Waktu saya kelas 3 SD saya pernah merasa sangat malas untuk berangkat sekolah. Berangkat sekolah menjadi semacam mimpi buruk yang hadir tanpa mata perlu terpejam. Ya, saya pernah mengalami masa di mana saya sangat benci berangkat sekolah, perjalanan dari rumah ke sekolah rasanya seperti melewati jembatan Shirotol mustaqim, kepeleset sedikit saja langsung apes yang saya terima. Penyebab dari takutnya saya berangkat ke sekolah karena di sana saya sering mengalami hal buruk, seperti dikatain atau pensil diambil pas jam istirahat. Gara-gara kejahilan teman sekelas saya itu ujung-ujungnya saya jadi kayak kebo yang cuma bisa melongo pas pelajaran karna nggak bisa nulis. Yah, mau gimana lagi? Pensil saya satu-satunya sudah diambil. Lain hari, mengantisipasi itu saya bawa dua pensil, yang satu saya taruh di sela-sela buku, yang lain saya taruh di kotak pensil. Saat jam istirahat berakhir, saya sudah tenang-tenang saja karena yakin trik saya akan berhasil. Namun, rupanya pensil saya dua-duanya diambil juga. Saya pun mewujud kebo lagi, melongo saat pelajaran berlangsung.  Akhirnya, saya tidak pernah lagi meninggalkan pensil saya di kelas dan saya sakuin terus.
Tak hanya itu, saya juga pernah dianggurin oleh teman sekelas.
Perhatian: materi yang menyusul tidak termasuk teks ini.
definition order_embedding :: "(nat \<Rightarrow> nat) \<Rightarrow> nat list \<Rightarrow> nat list \<Rightarrow> bool" where
  "order_embedding h p' p \<longleftrightarrow> strict_mono_on {..<length p'} h \<and> h ` {..<length p'} \<subseteq> {..<length p} \<and>
     (\<forall>x<length p'. \<forall>y<length p'. p ! h x < p ! h y \<longleftrightarrow> p' ! x < p' ! y)"

lemma occurs_at_map_iff:
  assumes emb: "order_embedding h p' p" and ks: "set ks \<subseteq> {..<length p'}"
  shows "occurs_at p s (map h ks) \<longleftrightarrow> occurs_at p' s ks"
proof -
  have mono: "strict_mono_on {..<length p'} h" and range: "h ` {..<length p'} \<subseteq> {..<length p}"
    and order: "\<And>x y. x < length p' \<Longrightarrow> y < length p' \<Longrightarrow> p ! h x < p ! h y \<longleftrightarrow> p' ! x < p' ! y"
    using emb by (auto simp: order_embedding_def)
  have "sorted_wrt (<) (map h ks) \<longleftrightarrow> sorted_wrt (<) ks"
    unfolding sorted_wrt_map
    using ks strict_mono_on_less[OF mono] sorted_wrt_mono_rel[of ks "\<lambda>x y. h x < h y" "(<)"]
      sorted_wrt_mono_rel[of ks "(<)" "\<lambda>x y. h x < h y"]
    by (auto simp: subset_iff)
  moreover have "\<forall>j\<in>set (map h ks). j < length p" using ks range by auto
  moreover have "\<forall>a<length ks. \<forall>b<length ks.
      p ! (map h ks ! a) < p ! (map h ks ! b) \<longleftrightarrow> p' ! (ks ! a) < p' ! (ks ! b)"
    using ks order by (auto dest!: nth_mem)
  ultimately show ?thesis
    using ks by (auto simp: occurs_at_def)
qed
Seharian penuh saya di sekolah tanpa teman yang kemudian membuat saya terlihat seperti alien dari planet zog. Kebetulan dari SD saya sudah punya penyakit mag. Dan penyakit inilah penolong saya, karna seringkali saya jadikan kambing hitam untuk tidak berangkat sekolah. Tak hanya dari teman sekelas, saya juga pernah sebel setengah mati dengan guru Pendidikan Agama Islam (PAI) saya. Guru PAI saya ini pernah bicara secara frontal di kelas kalau ibu saya sombong. Katanya setiap hari kalau menjemput saya ibu tidak pernah menyapa si ibu guru PAI itu. Saya hanya diam di kelas, bete? Iyalah, jelas. Orang sampai di rumah saya nangis diam-diam di ruang tengah sambil nyetel TV keras-keras supaya ibu di dapur tidak mendengar suara saya mewek. Saking sebelnya saya tulis di buku mapelnya PAI dengan huruf P diganti T. Sampai sekarang, saya nggak ada suka-sukanya sama pelajaran agama.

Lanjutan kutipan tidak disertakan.